We will work again with the dataset that we have used previously, describing the total abundance of beetles in locations across different types of land use - natural forest (primary vegetation) and areas of livestock grazing (pasture) - in New Zealand.
library(dplyr)
##
## Attaching package: 'dplyr'
## The following objects are masked from 'package:stats':
##
## filter, lag
## The following objects are masked from 'package:base':
##
## intersect, setdiff, setequal, union
url("https://www.dropbox.com/scl/fi/4olcttgagt0sd92hg64vk/Ewers2007BeetleData.rds?rlkey=14c8qby2023lt9924bi3th0ee&dl=1") %>%
readRDS() -> beetles
As before, because beetle abundance can only take positive values, and because the distribution of values is highly skewed, we will work with log-transformed total abundance.

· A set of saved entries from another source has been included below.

lemma prime_filter_join:
  "prime_filter \<alpha> \<beta> F \<Longrightarrow> card_lt B \<beta> \<Longrightarrow> is_join B m \<Longrightarrow> m \<in> F \<Longrightarrow> \<exists>b\<in>B. b \<in> F"
  unfolding prime_filter_def by blast

lemma prime_filter_meet_iff:
  assumes "prime_filter \<alpha> \<beta> F" "card_lt S \<alpha>" "is_meet S m"
  shows "m \<in> F \<longleftrightarrow> S \<subseteq> F"
  using assms prime_filter_meet prime_filter_up unfolding is_meet_def by blast

lemma prime_filter_join_iff:
  assumes "prime_filter \<alpha> \<beta> F" "card_lt T \<beta>" "is_join T m"
  shows "m \<in> F \<longleftrightarrow> (\<exists>t\<in>T. t \<in> F)"
  using assms prime_filter_join prime_filter_up unfolding is_join_def by blast

lemma representation_point_prime_filter:
  assumes rep: "is_representation \<alpha> \<beta> X h" and "x \<in> X"
  shows "prime_filter \<alpha> \<beta> {a. x \<in> h a}"
proof -
  have "\<And>a b. a \<le> b \<Longrightarrow> h a \<subseteq> h b"
    and "\<And>S m. card_lt S \<alpha> \<Longrightarrow> is_meet S m \<Longrightarrow> h m = X \<inter> \<Inter>(h ` S)"
    and "\<And>T m. card_lt T \<beta> \<Longrightarrow> is_join T m \<Longrightarrow> h m = \<Union>(h ` T)"
    using rep unfolding is_representation_def by blast+
  with \<open>x \<in> X\<close> show ?thesis
    unfolding prime_filter_def by auto
qed

lemma representation_from_prime_filters:
  assumes separating: "\<And>p q :: 'a::order. \<not> p \<le> q \<Longrightarrow> \<exists>F. prime_filter \<alpha> \<beta> F \<and> p \<in> F \<and> q \<notin> F"
  defines "h \<equiv> \<lambda>a::'a. {F. prime_filter \<alpha> \<beta> F \<and> a \<in> F}"
  shows "is_representation \<alpha> \<beta> {F. prime_filter \<alpha> \<beta> F} h"
  unfolding is_representation_def
proof (intro conjI allI impI)
  show "h p \<subseteq> {F. prime_filter \<alpha> \<beta> F}" for p
    unfolding h_def by blast
  show "p \<le> q \<longleftrightarrow> h p \<subseteq> h q" for p q
  proof
    assume "p \<le> q"
    then show "h p \<subseteq> h q"
      unfolding h_def using prime_filter_up by blast
  next
    assume "h p \<subseteq> h q"
    then show "p \<le> q"
      unfolding h_def using separating by blast
  qed
  show "h m = {F. prime_filter \<alpha> \<beta> F} \<inter> \<Inter>(h ` S)" if "card_lt S \<alpha> \<and> is_meet S m" for S m
  proof (rule set_eqI)
    show "F \<in> h m \<longleftrightarrow> F \<in> {F. prime_filter \<alpha> \<beta> F} \<inter> \<Inter>(h ` S)" for F
      using that prime_filter_meet_iff[of \<alpha> \<beta> F S m] unfolding h_def by auto
  qed
  show "h m = \<Union>(h ` T)" if "card_lt T \<beta> \<and> is_join T m" for T m
  proof (rule set_eqI)
    show "F \<in> h m \<longleftrightarrow> F \<in> \<Union>(h ` T)" for F
      using that prime_filter_join_iff[of \<alpha> \<beta> F T m] unfolding h_def by auto
  qed
qed

subsection \<open>A prime filter gives a winning strategy\<close>

definition filter_strategy :: "'a set \<Rightarrow> 'a strategy" where
  "filter_strategy F hist = (case last hist of Join B \<Rightarrow> (SOME b. b \<in> B \<and> b \<in> F) | _ \<Rightarrow> undefined)"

beetles %>% mutate(LogAbundance = log10(Total_abundance)) -> beetles
Further Reading
The following books are good references for basic statistical tests, including ANOVA, linear regression and ANCOVA:
Crawley, M.J. (2014). Statistics: An Introduction Using R. 2nd Edition. John Wiley & Sons, Hoboken, USA
Barnard, C., Gilbert, F. & McGregor, P. (2007). Asking Questions in Biology: A Guide to Hypothesis Testing, Experimental Design and Presentation in Practical Work and Research Projects. 3rd Edition. Benjamin Cummings, San Francisco, USA.
Running ANCOVAs
Simple Additive Models
In this session, we will investigate the effects of land use and natural habitat coverage in the landscape on beetle total abundance. Let’s begin by plotting these relationships.
library(ggplot2)
ggplot(data = beetles,mapping = aes(
x = NaturalHabitat5k,y = Total_abundance,col=LandUse,fill=LandUse)) +
geom_point() +
geom_smooth(method = 'lm') +
scale_x_continuous(name = "Surrounding Natural Habitat Proportion") +
scale_y_continuous(name = "Total beetle abundance",transform = 'log10') +
theme_classic()
To begin with, we will fit a model to test whether both land use and natural habitat coverage affect beetle abundance. To do this, we use the lm function. This is the same function that we used when we fit a linear regression, but here by adding also a categoraical (grouping) variable into our model we have fit an analysis of covariance:
m1 <- lm(formula = LogAbundance~LandUse+NaturalHabitat5k,data = beetles)
summary(m1)
##
## Call:
## lm(formula = LogAbundance ~ LandUse + NaturalHabitat5k, data = beetles)
##
## Residuals:
## Min 1Q Median 3Q Max
## -0.90913 -0.15702 0.01417 0.19122 0.63517
##
## Coefficients:
## Estimate Std. Error t value Pr(>|t|)
## (Intercept) 2.25634 0.05158 43.743 < 2e-16 ***
## LandUsePasture -0.29512 0.03583 -8.236 1.35e-14 ***
## NaturalHabitat5k 0.83483 0.17965 4.647 5.67e-06 ***
## ---
## Signif. codes: 0 '***' 0.001 '**' 0.01 '*' 0.05 '.' 0.1 ' ' 1
##
## Residual standard error: 0.2552 on 230 degrees of freedom
## Multiple R-squared: 0.3671, Adjusted R-squared: 0.3616
## F-statistic: 66.7 on 2 and 230 DF, p-value: < 2.2e-16
anova(m1)
## Analysis of Variance Table
##
## Response: LogAbundance
## Df Sum Sq Mean Sq F value Pr(>F)
## LandUse 1 7.2786 7.2786 111.796 < 2.2e-16 ***
## NaturalHabitat5k 1 1.4060 1.4060 21.595 5.671e-06 ***
## Residuals 230 14.9743 0.0651
## ---
## Signif. codes: 0 '***' 0.001 '**' 0.01 '*' 0.05 '.' 0.1 ' ' 1
If we look at the ANOVA table, both land use and natural habitat coverage have F ratios with a significant P value, suggesting that both might be important in explaining beetle abundance (but more on statistical significance in models with multiple explanatory variables in the next session).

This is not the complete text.